§ Task prompt
Every line from the start of the records below to the line containing "u \<noteq> s0" should be retyped exactly, that line included, and no others.

Start of Material shown

text \<open>Recolouring the forced class of u is a bijection from the configurations with
  s u = s v, paired with a colour, onto all configurations; the witness s0 puts v outside
  that class.\<close>
lemma card_configs_const_on_insert_pair:
  fixes V :: "'v set" and Q :: "'q set"
  assumes "C \<subseteq> Pow V" "u \<in> V" "v \<in> V"
    and "s0 \<in> configs_const_on V Q C" "s0 u \<noteq> s0 v"
  shows "card (configs_const_on V Q C) = card (configs_const_on V Q (insert {u, v} C)) * card Q"
proof -
  let ?X = "configs_const_on V Q C" and ?Y = "configs_const_on V Q (insert {u, v} C)"
  let ?W = "forced_class V Q C u"
  have uW: "u \<in> ?W" using assms(2) unfolding forced_class_def by auto
  have vW: "v \<notin> ?W" using assms(4,5) unfolding forced_class_def by force
  define recolour :: "('v \<Rightarrow> 'q) \<times> 'q \<Rightarrow> 'v \<Rightarrow> 'q"
    where "recolour = (\<lambda>(s, b) w. if w \<in> ?W then b else s w)"
  define decompose :: "('v \<Rightarrow> 'q) \<Rightarrow> ('v \<Rightarrow> 'q) \<times> 'q"
    where "decompose = (\<lambda>t. (\<lambda>w. if w \<in> ?W then t v else t w, t u))"
  have Q_values: "t u \<in> Q" "t v \<in> Q" if "t \<in> ?X" for t
    using that assms(2,3) unfolding configs_const_on_def configs_def by auto
  have "bij_betw recolour (?Y \<times> Q) ?X"
  proof (rule bij_betw_byWitness[where f' = decompose])
    show "\<forall>p\<in>?Y \<times> Q. decompose (recolour p) = p"
    proof clarify
      fix s b assume "s \<in> ?Y" "b \<in> Q"
      then have "s \<in> ?X" "s u = s v" by (simp_all add: configs_const_on_insert_pair)
      then have "s w = s v" if "w \<in> ?W" for w
        using that unfolding forced_class_def by auto
      then show "decompose (recolour (s, b)) = (s, b)"
        using uW vW unfolding decompose_def recolour_def by auto
    qed
    show "\<forall>t\<in>?X. recolour (decompose t) = t"
      unfolding decompose_def recolour_def forced_class_def by (auto simp: fun_eq_iff)
    show "recolour ` (?Y \<times> Q) \<subseteq> ?X"
      using recolour_forced_class[OF assms(1)] unfolding recolour_def
      by (auto simp: configs_const_on_insert_pair)
    show "decompose ` ?X \<subseteq> ?Y \<times> Q"
      using recolour_forced_class[OF assms(1) _ Q_values(2)] Q_values(1) uW vW
      unfolding decompose_def by (auto simp: configs_const_on_insert_pair)
  qed
  then show ?thesis by (metis bij_betw_same_card card_cartesian_product)
qed

lemma card_configs_const_on_insert_pair_cases:
  assumes "C \<subseteq> Pow V" "u \<in> V" "v \<in> V"
  obtains "\<forall>s\<in>configs_const_on V Q C. s u = s v"
  | "card (configs_const_on V Q C) = card (configs_const_on V Q (insert {u, v} C)) * card Q"
  using card_configs_const_on_insert_pair[OF assms] by blast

End of Material shown

§ Solution to the exercise
text \<open>Recolouring the forced class of u is a bijection from the configurations with
  s u = s v, paired with a colour, onto all configurations; the witness s0 puts v outside
  that class.\<close>
lemma card_configs_const_on_insert_pair:
  fixes V :: "'v set" and Q :: "'q set"
  assumes "C \<subseteq> Pow V" "u \<in> V" "v \<in> V"
    and "s0 \<in> configs_const_on V Q C" "s0 u \<noteq> s0 v"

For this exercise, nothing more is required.